Hi all,
we have a Consul multi-cluster federation (v1.10.2) with 5 DCs involved, having 3 Consul servers in each.
From time to time it happens that the replication stops working for an unknown reason and some tokens/policies, which have been deleted from one DC, are still present in the others except the primary one.

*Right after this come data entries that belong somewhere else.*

(* Let $C$ be the hyperelliptic curve $y^2=h(x):=a(x-x_1)\cdots(x-x_{2g+1})$ over $\mathbb C$ with $a\ne0$ and distinct $x_i$, let $X$ be its smooth projective model (genus $g$) and $P_0$ the unique point of $X$ over infinity. Let $D^+,D^-$ be effective divisors supported on finite points of $C$, and let $J:=(I_{D^+}\overline{I_{D^-}},I_C)$. Let $f=p(x)+q(x)y$ be an element of $J\setminus I_C$, written in this reduced form modulo $y^2-h(x)$, whose leading monomial is minimal among all elements of $J\setminus I_C$ with respect to the monomial order below. Then the divisor of $f$ on $X$ is $D^++\overline{D^-}+E-\deg_w(f)P_0$ for an effective divisor $E$ of finite points of degree $t=\deg_w(f)-\deg D^+-\deg D^-$, and $\overline E-tP_0$ is the reduced divisor linearly equivalent to $D^+-D^--(\deg D^+-\deg D^-)P_0$.
   Context: $I_C=(y^2-h(x))\subset\mathbb C[x,y]$. For a finite point $P=(x_P,y_P)$, $I_P=(x-x_P,y-y_P,I_C)$; for an effective divisor $E=\sum m_iP_i$ of finite points, $I_E=\bigcap_i(I_{P_i}^{m_i},I_C)$. The involution $\iota(x,y)=(x,-y)$ acts on divisors ($\overline{E}=\iota(E)$) and on ideals ($\overline I=\{f(x,-y):f\in I\}$). The monomial order: first by weighted degree $\deg_w(x^ay^b)=(2g+1)a+2b$, ties broken lexicographically with $y>x$; $\deg_w(f)$ is the weighted degree of the leading monomial. A semireduced divisor is $P_1+\cdots+P_t-tP_0$ with $P_i\in X\setminus\{P_0\}$; it is reduced if no linearly equivalent semireduced divisor $P'_1+\cdots+P'_s-sP_0$ has $s<t$. *)

theory Defs
  imports "HOL-Computational_Algebra.Polynomial"
begin

text \<open>Bivariate polynomials C[x,y] are modelled as complex poly poly:
  a polynomial in y whose coefficients are polynomials in x.
  The monomial x^a y^b of F has coefficient coeff (coeff F b) a.\<close>

type_synonym bpoly = "complex poly poly"
type_synonym point = "complex \<times> complex"
type_synonym divisor = "point option \<Rightarrow> int"  \<comment> \<open>None = P0, Some P = finite point P\<close>

inductive_set gen_ideal :: "'a::comm_ring_1 set \<Rightarrow> 'a set" for S where
  zero: "0 \<in> gen_ideal S"
| gen: "s \<in> S \<Longrightarrow> s \<in> gen_ideal S"
| add: "a \<in> gen_ideal S \<Longrightarrow> b \<in> gen_ideal S \<Longrightarrow> a + b \<in> gen_ideal S"
| mult: "a \<in> gen_ideal S \<Longrightarrow> r * a \<in> gen_ideal S"

definition ideal_prod :: "'a::comm_ring_1 set \<Rightarrow> 'a set \<Rightarrow> 'a set" where
  "ideal_prod I J = gen_ideal {a * b | a b. a \<in> I \<and> b \<in> J}"

fun ideal_pow :: "'a::comm_ring_1 set \<Rightarrow> nat \<Rightarrow> 'a set" where
  "ideal_pow I 0 = UNIV"
| "ideal_pow I (Suc n) = ideal_prod I (ideal_pow I n)"

definition X_var :: bpoly where "X_var = [: [:0, 1:] :]"
definition Y_var :: bpoly where "Y_var = [: 0, 1 :]"

definition curve_eq :: "complex poly \<Rightarrow> bpoly" where
  "curve_eq h = [: -h, 0, 1 :]"

definition I_C :: "complex poly \<Rightarrow> bpoly set" where
  "I_C h = gen_ideal {curve_eq h}"

definition on_curve :: "complex poly \<Rightarrow> point \<Rightarrow> bool" where
  "on_curve h P \<longleftrightarrow> (snd P)^2 = poly h (fst P)"

definition I_pt :: "complex poly \<Rightarrow> point \<Rightarrow> bpoly set" where
  "I_pt h P = gen_ideal {X_var - [: [: fst P :] :], Y_var - [: [: snd P :] :], curve_eq h}"

definition effective :: "complex poly \<Rightarrow> (point \<Rightarrow> nat) \<Rightarrow> bool" where
  "effective h E \<longleftrightarrow> finite {P. E P \<noteq> 0} \<and> (\<forall>P. E P \<noteq> 0 \<longrightarrow> on_curve h P)"

definition deg_eff :: "(point \<Rightarrow> nat) \<Rightarrow> nat" where
  "deg_eff E = (\<Sum>P\<in>{P. E P \<noteq> 0}. E P)"

definition I_div :: "complex poly \<Rightarrow> (point \<Rightarrow> nat) \<Rightarrow> bpoly set" where
  "I_div h E = (\<Inter>P\<in>{P. E P \<noteq> 0}. gen_ideal (ideal_pow (I_pt h P) (E P) \<union> I_C h))"

definition iota :: "point \<Rightarrow> point" where
  "iota P = (fst P, - snd P)"

definition conj_bp :: "bpoly \<Rightarrow> bpoly" where
  "conj_bp F = F \<circ>\<^sub>p [: 0, -1 :]"

definition conj_ideal :: "bpoly set \<Rightarrow> bpoly set" where
  "conj_ideal I = conj_bp ` I"

definition supp :: "bpoly \<Rightarrow> (nat \<times> nat) set" where
  "supp F = {(a, b). coeff (coeff F b) a \<noteq> 0}"

definition wdeg :: "nat \<Rightarrow> nat \<times> nat \<Rightarrow> nat" where
  "wdeg g m = 2 * fst m + (2 * g + 1) * snd m"

definition mono_less :: "nat \<Rightarrow> nat \<times> nat \<Rightarrow> nat \<times> nat \<Rightarrow> bool" where
  "mono_less g m m' \<longleftrightarrow> wdeg g m < wdeg g m' \<or>
     (wdeg g m = wdeg g m' \<and> (snd m < snd m' \<or> (snd m = snd m' \<and> fst m < fst m')))"

definition lead_mono :: "nat \<Rightarrow> bpoly \<Rightarrow> nat \<times> nat" where
  "lead_mono g F = (THE m. m \<in> supp F \<and> (\<forall>m'\<in>supp F. m' \<noteq> m \<longrightarrow> mono_less g m' m))"

definition deg_w :: "nat \<Rightarrow> bpoly \<Rightarrow> nat" where
  "deg_w g F = wdeg g (lead_mono g F)"

definition ord_fin :: "complex poly \<Rightarrow> point \<Rightarrow> bpoly \<Rightarrow> nat" where
  "ord_fin h P F = (GREATEST m. F \<in> gen_ideal (ideal_pow (I_pt h P) m \<union> I_C h))"

definition ord_inf :: "nat \<Rightarrow> complex poly \<Rightarrow> bpoly \<Rightarrow> int" where
  "ord_inf g h F = - int (deg_w g (pseudo_mod F (curve_eq h)))"

definition div_of :: "nat \<Rightarrow> complex poly \<Rightarrow> bpoly \<Rightarrow> divisor" where
  "div_of g h F = (\<lambda>Q. case Q of None \<Rightarrow> ord_inf g h F
        | Some P \<Rightarrow> (if on_curve h P then int (ord_fin h P F) else 0))"

definition lin_equiv :: "nat \<Rightarrow> complex poly \<Rightarrow> divisor \<Rightarrow> divisor \<Rightarrow> bool" where
  "lin_equiv g h D D' \<longleftrightarrow> (\<exists>F G. F \<notin> I_C h \<and> G \<notin> I_C h \<and>
       (\<forall>Q. D Q - D' Q = div_of g h F Q - div_of g h G Q))"

definition semired :: "(point \<Rightarrow> nat) \<Rightarrow> divisor" where
  "semired E = (\<lambda>Q. case Q of None \<Rightarrow> - int (deg_eff E) | Some P \<Rightarrow> int (E P))"

definition is_reduced :: "nat \<Rightarrow> complex poly \<Rightarrow> divisor \<Rightarrow> bool" where
  "is_reduced g h D \<longleftrightarrow> (\<exists>E. effective h E \<and> D = semired E \<and>
      (\<forall>E'. effective h E' \<and> lin_equiv g h (semired E') D \<longrightarrow> deg_eff E \<le> deg_eff E'))"

end

(*
  At each point P of the affine curve, substituting a local parametrisation (x, y) = (x(t), y(t))
  into a polynomial gives a power series; its order ord_P is the valuation at P, and the ideal
  (I_P^m, I_C) is exactly the set of functions with ord_P >= m.  Since x - x(P) lies in
  (I_P I_{iota P}, I_C), an induction on the divisor shows that J is the ideal of all functions
  vanishing on D = D+ + iota D-, so div f = D + E - deg_w(f) P0 for an effective E.  For
  F = p + q y with norm N(F) = p^2 - h q^2 (that is, F conj(F) modulo y^2 - h), the weighted
  degree of F is deg N(F), which is also the sum of the orders of F over all finite points.
  Multiplying conj(f) by the polynomial in x with divisor D+ + iota D+ shows that
  iota E - deg E P0 is linearly equivalent to D+ - D- - (deg D+ - deg D-) P0.  If it were also
  equivalent, via F/G, to E' - deg E' P0 with deg E' < deg E, then f conj(F) G would vanish on
  D + iota E' + div N(G), hence be N(G) phi modulo y^2 - h with phi in J, and comparing norms
  would give deg_w phi < deg_w f, contradicting the minimality of f.
*)
theory Submission
  imports
    Defs
    "HOL-Computational_Algebra.Polynomial_FPS"
    "HOL-Computational_Algebra.Fundamental_Theorem_Algebra"
begin

unbundle fps_syntax

section \<open>Ideals of a commutative ring\<close>

definition is_ideal :: "'a::comm_ring_1 set \<Rightarrow> bool" where
  "is_ideal I \<longleftrightarrow> 0 \<in> I \<and> (\<forall>a\<in>I. \<forall>b\<in>I. a + b \<in> I) \<and> (\<forall>r. \<forall>a\<in>I. r * a \<in> I)"

lemma is_idealI:
  "0 \<in> I \<Longrightarrow> (\<And>a b. a \<in> I \<Longrightarrow> b \<in> I \<Longrightarrow> a + b \<in> I) \<Longrightarrow> (\<And>r a. a \<in> I \<Longrightarrow> r * a \<in> I)
    \<Longrightarrow> is_ideal I"
  unfolding is_ideal_def by blast

lemma is_ideal_gen_ideal: "is_ideal (gen_ideal S)"
  by (auto simp: is_ideal_def intro: gen_ideal.intros)

lemma is_ideal_UNIV: "is_ideal UNIV" by (auto simp: is_ideal_def)

lemma ideal_0: "is_ideal I \<Longrightarrow> 0 \<in> I" by (simp add: is_ideal_def)

lemma ideal_add: "is_ideal I \<Longrightarrow> a \<in> I \<Longrightarrow> b \<in> I \<Longrightarrow> a + b \<in> I"
  by (simp add: is_ideal_def)

lemma ideal_mult_left: "is_ideal I \<Longrightarrow> a \<in> I \<Longrightarrow> r * a \<in> I"
  by (simp add: is_ideal_def)

lemma ideal_mult_right: "is_ideal I \<Longrightarrow> a \<in> I \<Longrightarrow> a * r \<in> I"
  by (metis ideal_mult_left mult.commute)

lemma ideal_uminus: "is_ideal I \<Longrightarrow> a \<in> I \<Longrightarrow> - a \<in> I"
  by (metis ideal_mult_left mult_minus1)

lemma ideal_diff: "is_ideal I \<Longrightarrow> a \<in> I \<Longrightarrow> b \<in> I \<Longrightarrow> a - b \<in> I"
  by (metis ideal_add ideal_uminus diff_conv_add_uminus)

lemma is_ideal_colon: "is_ideal I \<Longrightarrow> is_ideal {x. a * x \<in> I}"
  by (rule is_idealI) (auto simp: distrib_left mult.left_commute intro: ideal_0 ideal_add ideal_mult_left)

The only way to fix this, is to restart consul service on any of the server nodes on the affected DCs and the replication starts working again… until the same thing happens later on
I checked /v1/acl/replication response on all servers and found out that on the affected ones the ReplicatedIndex and ReplicatedTokenIndex values differ from the working ones, but no replication error is reported, neither in the logs.
Affected DC
{
"Enabled": true,
"Running": true,
"SourceDatacenter": "dc1",
"ReplicationType": "tokens",
"ReplicatedIndex": 8606595,
"ReplicatedRoleIndex": 1,
"ReplicatedTokenIndex": 8606610,
"LastSuccess": "2021-11-30T12:36:43Z",
"LastError": "0001-01-01T00:00:00Z"
}
Working DC
{
"Enabled": true,
"Running": true,
"SourceDatacenter": "dc1",
"ReplicationType": "tokens",
"ReplicatedIndex": 8735625,
"ReplicatedRoleIndex": 1,
"ReplicatedTokenIndex": 8735398,
"LastSuccess": "2021-12-06T14:20:02Z",
"LastError": "0001-01-01T00:00:00Z"
}
Any idea about why this happens and how to solve it?
Thanks,
Michele